Go through the records below and return each line that has "rule" in it.

** DATA FOR PROCESSING **
>>>>>
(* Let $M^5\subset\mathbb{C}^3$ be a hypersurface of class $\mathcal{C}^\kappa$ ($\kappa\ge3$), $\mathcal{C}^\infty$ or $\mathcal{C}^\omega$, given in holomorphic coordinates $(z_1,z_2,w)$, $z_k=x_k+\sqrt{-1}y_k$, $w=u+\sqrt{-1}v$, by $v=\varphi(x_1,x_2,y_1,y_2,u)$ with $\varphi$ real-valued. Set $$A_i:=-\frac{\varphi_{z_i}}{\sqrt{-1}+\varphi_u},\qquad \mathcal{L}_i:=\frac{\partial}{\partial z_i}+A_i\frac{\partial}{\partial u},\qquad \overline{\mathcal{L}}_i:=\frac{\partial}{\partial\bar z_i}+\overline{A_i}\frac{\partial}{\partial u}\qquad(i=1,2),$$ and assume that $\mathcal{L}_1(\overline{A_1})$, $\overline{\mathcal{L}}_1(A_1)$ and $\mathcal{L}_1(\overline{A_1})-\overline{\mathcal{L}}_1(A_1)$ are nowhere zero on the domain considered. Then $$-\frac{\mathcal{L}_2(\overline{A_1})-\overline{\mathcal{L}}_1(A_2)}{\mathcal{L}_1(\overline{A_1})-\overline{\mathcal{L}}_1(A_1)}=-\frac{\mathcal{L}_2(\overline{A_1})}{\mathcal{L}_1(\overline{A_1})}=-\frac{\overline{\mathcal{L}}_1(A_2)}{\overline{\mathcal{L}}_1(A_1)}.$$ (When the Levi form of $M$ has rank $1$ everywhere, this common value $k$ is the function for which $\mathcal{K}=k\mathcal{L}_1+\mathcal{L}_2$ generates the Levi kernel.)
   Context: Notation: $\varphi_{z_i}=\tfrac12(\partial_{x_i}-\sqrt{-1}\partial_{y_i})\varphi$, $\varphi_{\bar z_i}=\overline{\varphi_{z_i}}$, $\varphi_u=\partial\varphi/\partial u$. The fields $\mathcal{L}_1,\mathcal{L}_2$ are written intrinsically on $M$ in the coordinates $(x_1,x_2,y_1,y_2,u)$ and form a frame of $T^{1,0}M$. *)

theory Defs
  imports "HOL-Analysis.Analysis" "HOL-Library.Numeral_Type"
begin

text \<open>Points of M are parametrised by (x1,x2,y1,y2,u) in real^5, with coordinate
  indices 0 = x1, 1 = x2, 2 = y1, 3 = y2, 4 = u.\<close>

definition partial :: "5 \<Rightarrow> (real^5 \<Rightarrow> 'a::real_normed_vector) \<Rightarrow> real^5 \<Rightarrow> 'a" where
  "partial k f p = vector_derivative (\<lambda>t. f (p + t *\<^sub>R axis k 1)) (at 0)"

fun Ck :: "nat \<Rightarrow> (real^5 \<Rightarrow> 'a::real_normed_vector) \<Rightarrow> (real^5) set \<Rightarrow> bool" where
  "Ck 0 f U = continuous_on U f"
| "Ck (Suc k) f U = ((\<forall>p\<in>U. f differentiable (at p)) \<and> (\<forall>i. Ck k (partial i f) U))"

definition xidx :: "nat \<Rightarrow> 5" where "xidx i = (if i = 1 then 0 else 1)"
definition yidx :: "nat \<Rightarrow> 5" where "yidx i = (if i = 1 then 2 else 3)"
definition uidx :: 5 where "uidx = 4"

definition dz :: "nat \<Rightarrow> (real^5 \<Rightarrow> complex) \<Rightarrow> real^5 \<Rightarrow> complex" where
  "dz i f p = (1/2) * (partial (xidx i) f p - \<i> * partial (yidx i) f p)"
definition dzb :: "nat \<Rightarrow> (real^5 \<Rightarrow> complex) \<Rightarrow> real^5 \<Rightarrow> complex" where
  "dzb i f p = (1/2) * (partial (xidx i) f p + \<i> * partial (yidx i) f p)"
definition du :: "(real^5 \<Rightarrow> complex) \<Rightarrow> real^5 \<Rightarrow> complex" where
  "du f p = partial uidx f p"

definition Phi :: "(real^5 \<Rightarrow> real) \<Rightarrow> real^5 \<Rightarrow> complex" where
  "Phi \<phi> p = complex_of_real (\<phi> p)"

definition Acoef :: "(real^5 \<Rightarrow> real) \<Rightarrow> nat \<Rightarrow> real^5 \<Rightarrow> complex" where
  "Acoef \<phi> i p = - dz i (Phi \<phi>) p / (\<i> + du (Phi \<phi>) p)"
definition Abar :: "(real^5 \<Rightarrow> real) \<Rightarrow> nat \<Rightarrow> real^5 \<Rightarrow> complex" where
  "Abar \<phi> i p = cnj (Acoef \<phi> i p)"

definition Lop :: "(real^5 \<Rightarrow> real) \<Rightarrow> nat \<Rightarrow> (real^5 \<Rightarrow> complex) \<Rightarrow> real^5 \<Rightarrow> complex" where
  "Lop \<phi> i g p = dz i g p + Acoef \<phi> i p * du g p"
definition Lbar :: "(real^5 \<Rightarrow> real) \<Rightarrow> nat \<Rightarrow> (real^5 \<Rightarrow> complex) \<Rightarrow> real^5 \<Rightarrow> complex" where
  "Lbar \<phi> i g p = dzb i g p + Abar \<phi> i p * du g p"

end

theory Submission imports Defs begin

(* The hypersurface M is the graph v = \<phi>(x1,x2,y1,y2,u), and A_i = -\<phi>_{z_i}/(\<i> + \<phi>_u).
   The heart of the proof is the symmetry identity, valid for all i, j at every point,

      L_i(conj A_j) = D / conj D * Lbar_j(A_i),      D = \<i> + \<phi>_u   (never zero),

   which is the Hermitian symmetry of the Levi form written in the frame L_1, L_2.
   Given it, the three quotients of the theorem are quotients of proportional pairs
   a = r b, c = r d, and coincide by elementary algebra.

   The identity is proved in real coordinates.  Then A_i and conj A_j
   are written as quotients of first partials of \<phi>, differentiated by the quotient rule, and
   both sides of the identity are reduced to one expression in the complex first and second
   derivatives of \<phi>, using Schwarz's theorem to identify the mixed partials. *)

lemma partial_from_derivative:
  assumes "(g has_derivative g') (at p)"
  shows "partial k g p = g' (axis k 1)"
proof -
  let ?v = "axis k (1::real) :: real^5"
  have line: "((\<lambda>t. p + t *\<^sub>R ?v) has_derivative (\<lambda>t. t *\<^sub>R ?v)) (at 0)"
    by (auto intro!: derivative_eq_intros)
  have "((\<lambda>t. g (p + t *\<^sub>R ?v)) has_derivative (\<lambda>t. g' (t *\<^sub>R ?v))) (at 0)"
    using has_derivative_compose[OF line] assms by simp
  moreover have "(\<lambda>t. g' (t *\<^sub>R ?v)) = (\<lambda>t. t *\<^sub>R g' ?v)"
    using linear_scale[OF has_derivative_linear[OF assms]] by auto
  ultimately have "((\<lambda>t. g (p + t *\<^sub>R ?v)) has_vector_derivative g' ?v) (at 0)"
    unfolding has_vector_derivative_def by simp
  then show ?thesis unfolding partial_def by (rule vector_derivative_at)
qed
<<<<<
** EXERCISE RESULT **
   are written as quotients of first partials of \<phi>, differentiated by the quotient rule, and
  then show ?thesis unfolding partial_def by (rule vector_derivative_at)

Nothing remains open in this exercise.